> _Instructions for the task_
Whenever the word "close" shows up in a line of the data, copy that line.
=== The input ===
(* Let $t\in\mathbb{N}$ and let $C_1=C_1(t)$ be a constant with the property described in the context. Then there exists a constant $C_2=C_2(t)$ such that for all $\alpha_1,\ldots,\alpha_t\in\mathbb{T}$, all positive $\varepsilon\le 1/C_1(t)$, all positive $r\le 1$ and all positive integers $N$ and $U$, there is a nonempty finite set $S$ of integers satisfying (i) $U<\min S$; (ii) for all $j\le t$: $\sum_{n\in S}\|n\alpha_j\|^r\le C_2\,\dfrac{\varepsilon^r}{2^r-1}$; (iii) for all $\beta\in\mathbb{T}$: $\min\{1/6,\ \|\beta H_{N,\varepsilon}(\alpha_1,\ldots,\alpha_t)\|\}\le\|\beta S\|$.
   Context: $\mathbb{T}=\mathbb{R}/\mathbb{Z}$; $\|x\|$ is the distance from $x$ to the nearest integer. $H_{N,\varepsilon}(\alpha_1,\ldots,\alpha_t)=\{n\in\mathbb{N}, n\le N: \|n\alpha_1\|,\ldots,\|n\alpha_t\|\le\varepsilon\}$. For $\beta\in\mathbb{T}$ and a set $S$ of integers, $\|\beta S\|=\sup\{\|n\beta\|: n\in S\}$. The constant $C_1(t)$ (which exists by a result of Bir\'o and S\'os) has the property: for all $\alpha_1,\ldots,\alpha_t\in\mathbb{T}$, all positive $\varepsilon\le 1/C_1$ and all positive integers $N$ there exist $R\le C_1$, nonzero integers $n_1,\ldots,n_R$ and positive integers $K_1,\ldots,K_R$ such that (a) $\sum_{i=1}^R K_i\|n_i\alpha_j\|\le C_1\varepsilon$ for $1\le j\le t$; (b) $\sum_{i=1}^R K_i|n_i|\le C_1 N$; (c) $H_{N,\varepsilon}(\alpha_1,\ldots,\alpha_t)\subseteq\{\sum_{i=1}^R k_in_i: 1\le k_i\le K_i\}$. *)

theory Defs
  imports Complex_Main
begin

text \<open>Elements of the torus R/Z are represented by real representatives;
  all notions below depend only on the class modulo 1.\<close>

definition dnint :: "real \<Rightarrow> real" where
  "dnint x = \<bar>x - of_int (round x)\<bar>"

definition bohr_set :: "nat \<Rightarrow> real \<Rightarrow> nat \<Rightarrow> (nat \<Rightarrow> real) \<Rightarrow> int set" where
  "bohr_set N \<epsilon> t \<alpha> =
     {n. 1 \<le> n \<and> n \<le> int N \<and> (\<forall>j\<in>{1..t}. dnint (of_int n * \<alpha> j) \<le> \<epsilon>)}"

text \<open>||beta S|| = sup of ||n beta|| over n in S (convention: 0 for empty S).\<close>
definition set_norm :: "real \<Rightarrow> int set \<Rightarrow> real" where
  "set_norm \<beta> S = (if S = {} then 0 else Sup ((\<lambda>n. dnint (of_int n * \<beta>)) ` S))"

definition biro_sos_const :: "nat \<Rightarrow> real \<Rightarrow> bool" where
  "biro_sos_const t C1 \<longleftrightarrow> C1 > 0 \<and>
     (\<forall>(\<alpha>::nat \<Rightarrow> real) (\<epsilon>::real) (N::nat). 0 < \<epsilon> \<and> \<epsilon> \<le> 1 / C1 \<and> 0 < N \<longrightarrow>
       (\<exists>(R::nat) (n::nat \<Rightarrow> int) (K::nat \<Rightarrow> int).
          real R \<le> C1 \<and>
          (\<forall>i\<in>{1..R}. n i \<noteq> 0 \<and> K i > 0) \<and>
          (\<forall>j\<in>{1..t}. (\<Sum>i=1..R. of_int (K i) * dnint (of_int (n i) * \<alpha> j)) \<le> C1 * \<epsilon>) \<and>
          (\<Sum>i=1..R. of_int (K i) * of_int \<bar>n i\<bar>) \<le> C1 * real N \<and>
          bohr_set N \<epsilon> t \<alpha> \<subseteq>
            {(\<Sum>i=1..R. k i * n i) | k. \<forall>i\<in>{1..R}. 1 \<le> k i \<and> k i \<le> K i}))"

end

theory Submission
  imports Defs "HOL-Analysis.Kronecker_Approximation_Theorem"
begin

text \<open>
  Let n_i, K_i (i = 1..R) be the Biro-Sos data covering the Bohr set. Choose L_i with
  2RK_i \<le> 2^L_i \<le> 4RK_i, a base point X > U at which every ||X alpha_j|| is tiny (Dirichlet),
  and let S consist of X and the points X + 2^l |n_i| for l \<le> L_i.

  As r \<le> 1, u \<mapsto> u^r is subadditive, so each point of S contributes at most
  ||X alpha_j||^r + (2^l ||n_i alpha_j||)^r; the geometric sum over l is at most its last term
  divided by 2^r - 1, and 2^L_i ||n_i alpha_j|| \<le> 4R K_i ||n_i alpha_j|| \<le> 4 C1^2 eps.

  Conversely, if delta = ||beta S|| < 1/6 then ||2^l n_i beta|| \<le> 2 delta < 1/3 for all l \<le> L_i.
  Below 1/3 doubling on the circle doubles the norm, so ||n_i beta|| \<le> 2 delta / 2^L_i \<le>
  delta / (R K_i), and every element sum k_i n_i (k_i \<le> K_i) of the Bohr set has
  ||beta sum k_i n_i|| \<le> delta.
\<close>

lemma dnint_nonneg: "0 \<le> dnint x"
  by (simp add: dnint_def)

lemma dnint_le_half: "dnint x \<le> 1/2"
  unfolding dnint_def using of_int_round_abs_le[of x] by linarith

lemma dnint_le_dist_int: "dnint x \<le> \<bar>x - of_int m\<bar>"
  unfolding dnint_def by (rule round_diff_minimal)

lemma dnint_eq_dist_int:
  assumes "\<bar>x - of_int m\<bar> \<le> 1/2"
  shows "dnint x = \<bar>x - of_int m\<bar>"
proof (cases "m = round x")
  case False
  then have "1 \<le> \<bar>m - round x\<bar>"
    by linarith
  then have "(1::real) \<le> \<bar>of_int m - of_int (round x)\<bar>"
    by (metis of_int_1_le_iff of_int_abs of_int_diff)
  then have "\<bar>x - of_int m\<bar> \<le> dnint x"
    unfolding dnint_def using assms by linarith
  then show ?thesis
    using dnint_le_dist_int[of x m] by linarith
qed (simp add: dnint_def)

lemma dnint_add_of_int: "dnint (x + of_int m) = dnint x"
  using dnint_eq_dist_int[of "x + of_int m" "round x + m"] of_int_round_abs_le[of x]
  by (simp add: dnint_def abs_minus_commute)

lemma dnint_uminus: "dnint (- x) = dnint x"
  using dnint_le_dist_int[of "- x" "- round x"] dnint_le_dist_int[of x "- round (- x)"]
  by (simp add: dnint_def)

lemma dnint_add_le: "dnint (x + y) \<le> dnint x + dnint y"
proof -
  have "dnint (x + y) \<le> \<bar>x + y - of_int (round x + round y)\<bar>"
    by (rule dnint_le_dist_int)
  also have "\<dots> \<le> dnint x + dnint y"
    unfolding dnint_def by simp
  finally show ?thesis .
qed

lemma dnint_diff_le: "dnint (x - y) \<le> dnint x + dnint y"
  using dnint_add_le[of x "- y"] by (simp add: dnint_uminus)

lemma dnint_sum_le: "dnint (\<Sum>i\<in>A. f i) \<le> (\<Sum>i\<in>A. dnint (f i))"
proof (induction A rule: infinite_finite_induct)
  case (insert a A)
  then show ?case
    using dnint_add_le[of "f a" "sum f A"] by simp
qed (simp_all add: dnint_def)

lemma dnint_of_int_mult_le: "dnint (of_int k * x) \<le> \<bar>of_int k\<bar> * dnint x"
proof -
  have "dnint (of_int k * x) \<le> \<bar>of_int k * x - of_int (k * round x)\<bar>"
    by (rule dnint_le_dist_int)
  also have "\<dots> = \<bar>of_int k\<bar> * dnint x"
    unfolding dnint_def by (simp add: abs_mult[symmetric] algebra_simps)
  finally show ?thesis .
qed

lemma dnint_abs_of_int_mult: "dnint (of_int \<bar>n\<bar> * x) = dnint (of_int n * x)"
  by (cases "n \<ge> 0") (simp_all add: dnint_uminus[of "of_int n * x", symmetric])

lemma dnint_eq_min_abs:
  assumes "\<bar>x\<bar> \<le> 1"
  shows "dnint x = min \<bar>x\<bar> (1 - \<bar>x\<bar>)"
proof -
  consider "\<bar>x\<bar> \<le> 1/2" | "x > 1/2" | "x < - 1/2"
    by linarith
  then show ?thesis
  proof cases
    case 1
    then show ?thesis using dnint_eq_dist_int[of x 0] by simp
  next
    case 2
    then show ?thesis using dnint_eq_dist_int[of x 1] assms by simp
  next
    case 3
    then show ?thesis using dnint_eq_dist_int[of x "-1"] assms by simp
  qed
qed

lemma dnint_double: "dnint (2 * x) = min (2 * dnint x) (1 - 2 * dnint x)"
proof -
  define e where "e = x - of_int (round x)"
  have e: "\<bar>e\<bar> = dnint x" "\<bar>e\<bar> \<le> 1/2"
    using of_int_round_abs_le[of x] by (simp_all add: e_def dnint_def abs_minus_commute)
  have "dnint (2 * x) = dnint (2 * e + of_int (2 * round x))"
    by (simp add: e_def algebra_simps)
  also have "\<dots> = min \<bar>2 * e\<bar> (1 - \<bar>2 * e\<bar>)"
    unfolding dnint_add_of_int using e(2) by (intro dnint_eq_min_abs) simp
  finally show ?thesis
    using e(1) by simp
qed

lemma dnint_le_halving:
  assumes "\<And>l. l \<le> L \<Longrightarrow> dnint (2^l * x) \<le> d" "d < 1/3"
  shows "dnint x \<le> d / 2^L"
  using assms(1)
proof (induction L arbitrary: x)
  case (Suc L)
  have "dnint (2 * x) \<le> d / 2^L"
  proof (rule Suc.IH)
    show "dnint (2^l * (2 * x)) \<le> d" if "l \<le> L" for l
      using Suc.prems[of "Suc l"] that by (simp add: mult_ac)
  qed
  moreover have "dnint x \<le> d" "dnint (2 * x) \<le> d"
    using Suc.prems[of 0] Suc.prems[of 1] by simp_all
  then have "dnint (2 * x) = 2 * dnint x"
    using dnint_double[of x] assms(2) by linarith
  ultimately show ?case
    by simp
qed simp

lemma powr_add_le_add_powr:
  fixes x y r :: real
  assumes "0 \<le> x" "0 \<le> y" "0 < r" "r \<le> 1"
  shows "(x + y) powr r \<le> x powr r + y powr r"
proof (cases "x + y = 0")
  case False
  define s where "s = x + y"
  have s: "0 < s"
    using False assms by (simp add: s_def)
  have le_powr: "u \<le> u powr r" if "0 \<le> u" "u \<le> 1" for u
    using powr_mono'[of r 1 u] that assms by (cases "u = 0") auto
  have "x / s \<le> (x / s) powr r" "y / s \<le> (y / s) powr r"
    using assms s by (auto simp: s_def intro!: le_powr)
  moreover have "x / s + y / s = 1"
    using s by (simp add: s_def add_divide_distrib[symmetric])
  ultimately have "1 \<le> (x / s) powr r + (y / s) powr r"
    by linarith
  also have "\<dots> = (x powr r + y powr r) / s powr r"
    using assms s by (simp add: powr_divide add_divide_distrib)
  finally show ?thesis
    using s by (simp add: s_def le_divide_eq)
qed (use assms in simp)

lemma powr_le_one_add: "0 \<le> (x::real) \<Longrightarrow> 0 < r \<Longrightarrow> r \<le> 1 \<Longrightarrow> x powr r \<le> 1 + x"
  by (cases "x \<le> 1") (use powr_le1[of r x] powr_mono[of r 1 x] in auto)

lemma sum_powr_doubling_le:
  fixes a r :: real
  assumes "0 \<le> a" "0 < r"
  shows "(\<Sum>l\<le>L. (2^l * a) powr r) \<le> (2^Suc L * a) powr r / (2 powr r - 1)"
proof -
  have q: "1 < 2 powr r"
    using assms by simp
  have "(\<Sum>l\<le>L. (2^l * a) powr r) = a powr r * (\<Sum>l<Suc L. (2 powr r)^l)"
    using assms
    by (simp add: powr_mult sum_distrib_left lessThan_Suc_atMost powr_realpow[symmetric]
        powr_powr mult.commute flip: powr_power)
  also have "(\<Sum>l<Suc L. (2 powr r)^l) = ((2 powr r)^Suc L - 1) / (2 powr r - 1)"
    using q by (subst sum_gp_strict) (auto simp: field_simps)
  also have "\<dots> \<le> (2 powr r)^Suc L / (2 powr r - 1)"
    using q by (simp add: divide_right_mono)
  also have "(2 powr r)^n = (2^n) powr r" for n
    by (simp add: powr_powr mult.commute flip: powr_realpow)
  finally show ?thesis
    using assms by (simp add: powr_mult mult_ac mult_right_mono)
qed

lemma set_norm_upper: "s \<in> S \<Longrightarrow> dnint (of_int s * \<beta>) \<le> set_norm \<beta> S"
  unfolding set_norm_def
  by (auto intro!: cSup_upper bdd_aboveI[of _ "1/2"] simp: dnint_le_half[simplified])

lemma set_norm_le:
  assumes "0 \<le> \<delta>" "\<And>s. s \<in> S \<Longrightarrow> dnint (of_int s * \<beta>) \<le> \<delta>"
  shows "set_norm \<beta> S \<le> \<delta>"
  using assms unfolding set_norm_def by (auto intro!: cSup_least)

lemma exists_power_of_two_between:
  fixes m :: int
  assumes "1 \<le> m"
  shows "\<exists>L. m \<le> 2^L \<and> 2^L \<le> 2 * m"
proof -
  have "1 \<le> nat m"
    using assms by simp
  then obtain e where "2^e \<le> nat m" "nat m < 2^(e+1)"
    using ex_power_ivl1[of 2] by blast
  then have "2^e \<le> m" "m < 2^(e+1)"
    using assms by (simp_all add: le_nat_iff nat_less_iff)
  then show ?thesis
    by (intro exI[of _ "e+1"]) simp
qed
===
> _Answer to the exercise_
  all notions below depend only on the class modulo 1.\<close>
text \<open>||beta S|| = sup of ||n beta|| over n in S (convention: 0 for empty S).\<close>
\<close>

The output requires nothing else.